To ensure that this query works against numerous usages of libraries such as PyMongo, Flask PyMongo, Mongoengine, and Flask Mongoengine, I've added a variety of query tests to test against. These tests deal with scenarious such as:
- Subscript expressions
- Mongoengine instances and Document subclasses
- Mongoengine connection usage
- And more...
After further research, it was discovered that Flask-Mongoengine has multiple ways of allowing a developer to call the Document class. One way is by directly importing the Document class from the module. Another approach is to get the Document class via a mongoengine instance.
The update to this query checks for cases where the developer gets the Document class via the MongoEngine instance.
Other misc changes include setting the various predicates to private.
A couple of notes with these changes:
- Added TypeTracker pattern to handle subscript expressions. We've found that pymongo supports subscripts expressions when calling databases and collections. To resolve this, we implemented the TypeTracker pattern to catch those subscripts since CodeQL Python API modeling doesn't support subscript expressions.
- After some research, we've discovered that MongoEngine and Flask-MongoEngine utilize MongoClient under-the-hood. This requires us to rewrite the query so that instead of querying these libraries with specific queries, we are instead going to query for usages of MongoClient since all of the libraries we are targeting utilizes MongoClient under-the-hood.
ObjectId is a sanitizer used to sanitize strings into valid MongoDB ids. During research we've found that this method is used.

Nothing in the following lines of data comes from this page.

lemma coherence_frame_estimate:
  fixes a b :: "nat \<Rightarrow> complex ^ 'n"
  assumes frA: "is_frame a m \<alpha>1 \<alpha>2" and frB: "is_frame b n \<beta>1 \<beta>2"
    and S_sub: "S \<subseteq> {1..m}" and T_sub: "T \<subseteq> {1..n}"
  shows "sqrt \<beta>1 * norm x
    \<le> sqrt \<alpha>2 * coherence (dual_frame a m) m b n * sqrt (real (card S)) * sqrt (real (card T)) * norm x
       + sqrt \<beta>2 / sqrt \<alpha>1 * L2_set (\<lambda>k. cmod (cinner x (a k))) ({1..m} - S)
       + L2_set (\<lambda>j. cmod (cinner x (b j))) ({1..n} - T)"
proof -
  define M where "M = coherence (dual_frame a m) m b n"
  define c where "c k = cinner x (a k)" for k
  define y where "y = (\<Sum>k\<in>S. c k *s dual_frame a m k)"
  define z where "z = (\<Sum>k\<in>{1..m} - S. c k *s dual_frame a m k)"
  define B where "B w J = L2_set (\<lambda>j. cmod (cinner w (b j))) J" for w J
  have a1: "0 < \<alpha>1" and b2: "0 \<le> \<beta>2"
    using frA frB unfolding is_frame_def by auto
  have M0: "0 \<le> M"
    unfolding M_def by (rule coherence_nonneg[OF frame_index_pos[OF frA] frame_index_pos[OF frB]])
  have x_split: "x = y + z"
    using frame_reconstruction[OF frA, of x] sum.subset_diff[OF S_sub, of "\<lambda>k. c k *s dual_frame a m k"]
    unfolding y_def z_def c_def by (simp add: add.commute)
  have "B x T \<le> L2_set (\<lambda>j. cmod (cinner y (b j)) + cmod (cinner z (b j))) T"
    unfolding B_def by (rule L2_set_mono) (simp_all add: x_split cinner_add_left norm_triangle_ineq)
  also have "\<dots> \<le> B y T + B z T"
    unfolding B_def by (rule L2_set_triangle_ineq)
  finally have split_T: "B x T \<le> B y T + B z T" .
  have "B y T \<le> M * sqrt (real (card S)) * sqrt (real (card T)) * L2_set (\<lambda>k. cmod (c k)) S"
    unfolding B_def y_def cinner_sum_left cinner_scale_left M_def
    using S_sub T_sub by (intro L2_set_sum_mult_le[OF M0[unfolded M_def]] cinner_le_coherence) auto
  also have "\<dots> \<le> M * sqrt (real (card S)) * sqrt (real (card T)) * (sqrt \<alpha>2 * norm x)"
    using L2_set_subset_le[OF S_sub] frame_upper_bound[OF frA, of x] M0
    unfolding c_def by (intro mult_left_mono) (auto intro: order_trans)
  finally have y_part: "B y T \<le> sqrt \<alpha>2 * M * sqrt (real (card S)) * sqrt (real (card T)) * norm x"
    by (simp add: mult_ac)
  have "B z T \<le> sqrt \<beta>2 * norm z"
    using L2_set_subset_le[OF T_sub] frame_upper_bound[OF frB, of z]
    unfolding B_def by (auto intro: order_trans)
  also have "\<dots> \<le> sqrt \<beta>2 * (L2_set (\<lambda>k. cmod (c k)) ({1..m} - S) / sqrt \<alpha>1)"
    using dual_frame_synthesis_le[OF frA, of "{1..m} - S" c] a1 b2
    unfolding z_def by (intro mult_left_mono) (simp_all add: field_simps)
  finally have z_part: "B z T \<le> sqrt \<beta>2 / sqrt \<alpha>1 * L2_set (\<lambda>k. cmod (cinner x (a k))) ({1..m} - S)"
    unfolding c_def by simp
  have "sqrt \<beta>1 * norm x \<le> B x ({1..n} - T) + B x T"
    using frame_lower_bound[OF frB, of x] L2_set_split_le[OF T_sub]
    unfolding B_def by (auto intro: order_trans)
  with split_T y_part z_part show ?thesis
    unfolding B_def M_def by linarith
qed

lemma divide_max_coeff_le:
  fixes N t c d C p q :: real
  assumes "N * t \<le> c * p + d * q" and "c \<le> C" and "0 < d" and "0 \<le> p" and "0 \<le> q"
  shows "N / max d C * t \<le> p + q"
proof -
  have "c * p + d * q \<le> max d C * p + max d C * q"
    using assms by (intro add_mono mult_right_mono) simp_all
  with assms(1) have "N * t \<le> (p + q) * max d C"
    by (simp add: algebra_simps)
  moreover have "0 < max d C"
    using assms(3) by (simp add: less_max_iff_disj)
  ultimately show ?thesis
    by (simp add: pos_divide_le_eq)
qed
lemma inner_list_replicate_zero [simp]: "length y = m \<Longrightarrow> inner_list (replicate m 0) y = 0"
  by (simp add: inner_list_conv_sum)

lemma inner_list_self_eq_zero: "inner_list x x = 0 \<Longrightarrow> x = replicate (length x) 0"
proof (induction x)
  case (Cons a x)
  have nonneg: "inner_list y y \<ge> 0" for y by (induction y) auto
  have "a * a + inner_list x x = 0" using Cons.prems by simp
  then have "a * a = 0" and "inner_list x x = 0"
    using nonneg[of x] zero_le_square[of a] by linarith+
  then show ?case using Cons.IH by simp
qed simp

subsection \<open>Elementary algebra of \<open>A\<^sub>n\<close>\<close>

lemma cd_halves:
  assumes "length x = 2 ^ Suc n"
  obtains a b where "x = a @ b" "length a = 2 ^ n" "length b = 2 ^ n"
  using assms by (intro that[of "take (2 ^ n) x" "drop (2 ^ n) x"]) auto

lemma cd_mul_append:
  "length a = 2 ^ n \<Longrightarrow> length c = 2 ^ n \<Longrightarrow>
   cd_mul (Suc n) (a @ b) (c @ d) =
     cd_sub (cd_mul n a c) (cd_mul n d (cd_conj n b)) @ cd_add (cd_mul n (cd_conj n a) d) (cd_mul n c b)"
  by (simp add: Let_def)

lemma length_cd_conj [simp]: "length (cd_conj n x) = length x"
  by (induction n arbitrary: x) auto

lemma length_cd_mul [simp]: "length x = 2 ^ n \<Longrightarrow> length y = 2 ^ n \<Longrightarrow> length (cd_mul n x y) = 2 ^ n"
proof (induction n arbitrary: x y)
  case (Suc n)
  obtain a b where x: "x = a @ b" "length a = 2 ^ n" "length b = 2 ^ n"
    by (rule cd_halves[OF Suc.prems(1)])
  obtain c d where y: "y = c @ d" "length c = 2 ^ n" "length d = 2 ^ n"
    by (rule cd_halves[OF Suc.prems(2)])
  show ?case using x y by (simp add: cd_mul_append Suc.IH cd_add_eq_lincomb cd_sub_eq_lincomb)
qed simp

ObjectId returns a string representing an id. If at any time ObjectId can't parse it's input (like when a tainted dict in passed in), then ObjectId will throw an error preventing the query from running.
After some research, we discovered that any keyword argument passed to the objects method will result in NoSQL injection. This includes scenarios where we have the following:
objects(name_of_model_attribute=unsanitized_user_input)